From the point of view of the hypothesis of formative causation, memory
in its various forms, both conscious and unconscious, is due to morphic
resonance.
mind: In Cartesian dualism, the conscious thinking
mind is distinct from the material body; the mind is non-material. Materialists
derive the mind from the physical activity of the brain. Depth psychologists
point out that the conscious mind is associated with a much broader or
deeper mental system, the unconscious mind. In the view of Jung, the unconscious
mind is not merely individual but collective. On the hypothesis of formative
causation, mental activity, conscious and unconscious, takes place within
and through mental fields, which like other kinds of morphic fields contain
a kind of in-built memory.
morphic field: A field within and around
a morphic unit which organizes its characteristic structure and pattern
of activity. Morphic fields underlie the form and behaviour of holons
or morphic units at all levels of complexity. The term morphic field includes
morphogenetic, behavioural, social, cultural, and mental fields. Morphic
fields are shaped and stabilized by morphic resonance from previous similar
morphic units, which were under the influence of fields of the same kind.
They consequently contain a kind of cumulative memory and tend to become
increasingly habitual.
morphic resonance: The influence of previous
structures of activity on subsequent similar structures of activity organized
by morphic fields. Through morphic resonance, formative causal influences
pass through or across both space and time, and these influences are assumed
not to fall off with distance in space or time, but they come only from
the past. The greater the degree of similarity, the greater the influence
of morphic resonance. in general, morphic units closely resemble themselves
in the past and are subject to self-resonance from their own past states.

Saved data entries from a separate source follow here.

lemma Phi_gdist_from_point_eq:
  fixes x :: "'a::metric_space"
  assumes g: "g \<in> Gset" and three: "\<exists>a b c :: 'a. a \<noteq> b \<and> b \<noteq> c \<and> a \<noteq> c"
    and \<xi>: "\<xi> \<in> p_preimage {ev_u x} (S - {ev_u x})"
  shows "Phi (\<lambda>w. - gdist g x w) \<xi> = g \<xi>"
proof -
  have gc: "continuous_map betaM euclideanreal g"
    using g by (simp add: Gset_def)
  obtain B where "0 \<le> B" and B: "\<forall>\<xi>\<in>topspace betaM. \<bar>g \<xi>\<bar> \<le> B"
    using continuous_map_betaM_bounded[OF gc] by blast
  have \<xi>_top: "\<xi> \<in> topspace betaM" and p1: "p1 \<xi> = ev_u x" and "p2 \<xi> \<noteq> ev_u x"
    using \<xi> by (auto simp: p_preimage_def)
  show ?thesis
  proof (rule Phi_eq_of_gdist_dominated[where \<pi>=fst and y=x and C="B + B", OF gc B \<open>0 \<le> B\<close>
        gdist_from_point_dominated[OF g three] \<xi>_top])
    show "0 < \<xi> (\<lambda>q. min (dist (fst q) (snd q)) 1)"
      using \<open>p2 \<xi> \<noteq> ev_u x\<close> p1 by (intro betaM_apply_trunc_dist_pos[OF \<xi>_top]) auto
    show "\<xi> (\<lambda>q. min (dist (fst q) x) 1) = 0"
      using p1_eq_ev_u_iff[OF \<xi>_top, of x] p1 by blast
    show "\<bar>- gdist g x a - - gdist g x b - gdist g a b\<bar> \<le> (B + B) * dist (fst (a, b)) x" for a b
      using gdist_from_point_defect[OF g three B] by simp
  qed (use \<open>0 \<le> B\<close> in \<open>auto intro: continuous_intros\<close>)
qed

section \<open>Integration against Radon measures\<close>

lemma borel_measurable_continuous_map_radon:
  assumes rad: "radon T \<nu>" and h: "continuous_map T euclideanreal h"
  shows "h \<in> borel_measurable \<nu>"
proof (rule borel_measurableI)
  fix S :: "real set"
  assume "open S"
  have sp: "space \<nu> = topspace T" and st: "sets \<nu> = sets (borel_of T)"
    using rad by (auto simp: radon_def)
  have "openin T {x \<in> topspace T. h x \<in> S}"
    by (rule openin_continuous_map_preimage[OF h]) (simp add: \<open>open S\<close>)
  moreover have "sets (borel_of T) = sigma_sets (topspace T) {U. openin T U}"
    unfolding borel_of_def by (rule sets_measure_of) (auto dest: openin_subset)
  ultimately have "{x \<in> topspace T. h x \<in> S} \<in> sets \<nu>"
    using st by auto
  moreover have "h -` S \<inter> space \<nu> = {x \<in> topspace T. h x \<in> S}"
    using sp by auto
  ultimately show "h -` S \<inter> space \<nu> \<in> sets \<nu>"
    by simp
qed

lemma integrable_continuous_map_betaM:
  assumes rad: "radon betaM \<nu>" and h: "continuous_map betaM euclideanreal h"
  shows "integrable \<nu> h"
proof -
  have "finite_measure \<nu>" and sp: "space \<nu> = topspace betaM"
    using rad by (simp_all add: radon_def)
  moreover obtain B where "\<forall>\<xi>\<in>topspace betaM. \<bar>h \<xi>\<bar> \<le> B"
    using continuous_map_betaM_bounded[OF h] by blast
  then have "AE x in \<nu>. norm (h x) \<le> B"
    using sp by (intro AE_I2) auto
  ultimately show ?thesis
    using finite_measure.integrable_const_bound borel_measurable_continuous_map_radon[OF rad h] by blast
qed

lemma integral_le_of_Phi_minorant:
  fixes z :: "'a::metric_space"
  assumes rad: "radon betaM \<mu>" and radn: "radon betaM \<nu>" and eqn: "PhiStar_eq z \<nu> \<mu>"
    and g: "continuous_map betaM euclideanreal g" and conc: "concentrated_on \<mu> S"
    and lip: "L-lipschitz_on UNIV f"
    and le: "\<And>\<xi>. \<xi> \<in> topspace betaM \<Longrightarrow> Phi f \<xi> \<le> g \<xi>"
    and eq: "\<And>\<xi>. \<xi> \<in> S \<Longrightarrow> Phi f \<xi> = g \<xi>"
  shows "integral\<^sup>L \<mu> g \<le> integral\<^sup>L \<nu> g"
proof -
  have Phi_c: "continuous_map betaM euclideanreal (Phi f)"
    by (rule continuous_map_Phi[OF lip])
  have "AE \<xi> in \<mu>. \<xi> \<in> S"
    using conc unfolding concentrated_on_def by (intro AE_I'[of "space \<mu> - S"]) auto
  then have "integral\<^sup>L \<mu> g = integral\<^sup>L \<mu> (Phi f)"
    by (intro integral_cong_AE borel_measurable_continuous_map_radon[OF rad] g Phi_c)
      (auto simp: eq elim: AE_mp)
  also have "\<dots> = integral\<^sup>L \<mu> (Phi (\<lambda>x. f x - f z))"
    by (simp add: Phi_eq diff_quot_def)
  also have "\<dots> = integral\<^sup>L \<nu> (Phi (\<lambda>x. f x - f z))"
  proof -
    have "(L + 0)-lipschitz_on UNIV (\<lambda>x. f x - f z)"
      by (intro lipschitz_on_diff lip lipschitz_on_constant)
    then have "(\<lambda>x. f x - f z) \<in> Lip0 z"
      by (auto simp: Lip0_def)
    then show ?thesis
      using eqn by (simp add: PhiStar_eq_def)
  qed
  also have "\<dots> = integral\<^sup>L \<nu> (Phi f)"
    by (simp add: Phi_eq diff_quot_def)
  also have "\<dots> \<le> integral\<^sup>L \<nu> g"
    using le radn
    by (intro integral_mono integrable_continuous_map_betaM[OF radn] Phi_c g) (auto simp: radon_def)
  finally show ?thesis .
qed

lemma preceq_of_PhiStar_eq:
  fixes z :: "'a::metric_space"
  assumes three: "\<exists>a b c :: 'a. a \<noteq> b \<and> b \<noteq> c \<and> a \<noteq> c"
    and rad: "radon betaM \<mu>"
    and conc: "(\<exists>y. concentrated_on \<mu> (p_preimage (S - {ev_u y}) {ev_u y}))
             \<or> (\<exists>x. concentrated_on \<mu> (p_preimage {ev_u x} (S - {ev_u x})))"
    and radn: "radon betaM \<nu>" and eqn: "PhiStar_eq z \<nu> \<mu>"
  shows "preceq \<mu> \<nu>"
  unfolding preceq_def
proof
  fix g :: "(('a \<times> 'a \<Rightarrow> real) \<Rightarrow> real) \<Rightarrow> real"
  assume g: "g \<in> Gset"
  then have gc: "continuous_map betaM euclideanreal g"
    by (simp add: Gset_def)
  obtain B where "0 \<le> B" and B: "\<forall>\<xi>\<in>topspace betaM. \<bar>g \<xi>\<bar> \<le> B"
    using continuous_map_betaM_bounded[OF gc] by blast
  have minorant: "integral\<^sup>L \<mu> g \<le> integral\<^sup>L \<nu> g"
    if dom: "\<And>x u. f x - f u \<le> gdist g x u" and conc_f: "concentrated_on \<mu> T"
      and eq: "\<And>\<xi>. \<xi> \<in> T \<Longrightarrow> Phi f \<xi> = g \<xi>" for f T
  proof -
    have lip: "B-lipschitz_on UNIV f"
      by (rule lipschitz_on_of_gdist_dominated[OF B \<open>0 \<le> B\<close> dom])
    show ?thesis
      by (rule integral_le_of_Phi_minorant[OF rad radn eqn gc conc_f lip
            Phi_le_of_gdist_dominated[OF gc lip dom] eq])
  qed
  from conc show "integral\<^sup>L \<mu> g \<le> integral\<^sup>L \<nu> g"
  proof (elim disjE exE)
    fix y
    assume "concentrated_on \<mu> (p_preimage (S - {ev_u y}) {ev_u y})"
    then show ?thesis
      by (rule minorant[OF gdist_to_point_dominated[OF g three]])
        (rule Phi_gdist_to_point_eq[OF g three])
  next
    fix x
    assume "concentrated_on \<mu> (p_preimage {ev_u x} (S - {ev_u x}))"
    then show ?thesis
      by (rule minorant[OF gdist_from_point_dominated[OF g three]])
        (rule Phi_gdist_from_point_eq[OF g three])
  qed
qed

morphic unit: A unit of form or organization,
such as an atom, molecule, crystal, cell, plant, animal, pattern of instinctive
behaviour, social group, element of culture, ecosystem, planet, planetary
system, or galaxy. Morphic units are organized in nested hierarchies of
units within units: a crystal, for example, contains molecules, which
contain atoms, which contain electrons and nuclei, which contain nuclear
particles, which contain quarks.
morphogenesis: The coming into being
of form.
morphogenetic fields: Fields that play
a causal role in morphogenesis. This term, first proposed in the 1920s,
is now widely used by developmental biologists, but the nature of morphogenetic
fields has remained obscure. On the hypothesis of formative causation,
they are regarded as morphic fields stabilized by morphic resonance.
Platonism: The philosophical tradition
that, following Plato, postulates the existence of an autonomous realm
of Ideas or Forms or essences existing outside space and time and independently
of manifestations of them in the phenomenal world.
Pythagoreanism: The belief that the
universe is somehow essentially mathematical. its fundamental mathematical
reality transcends space and time. Closely akin to Platonism.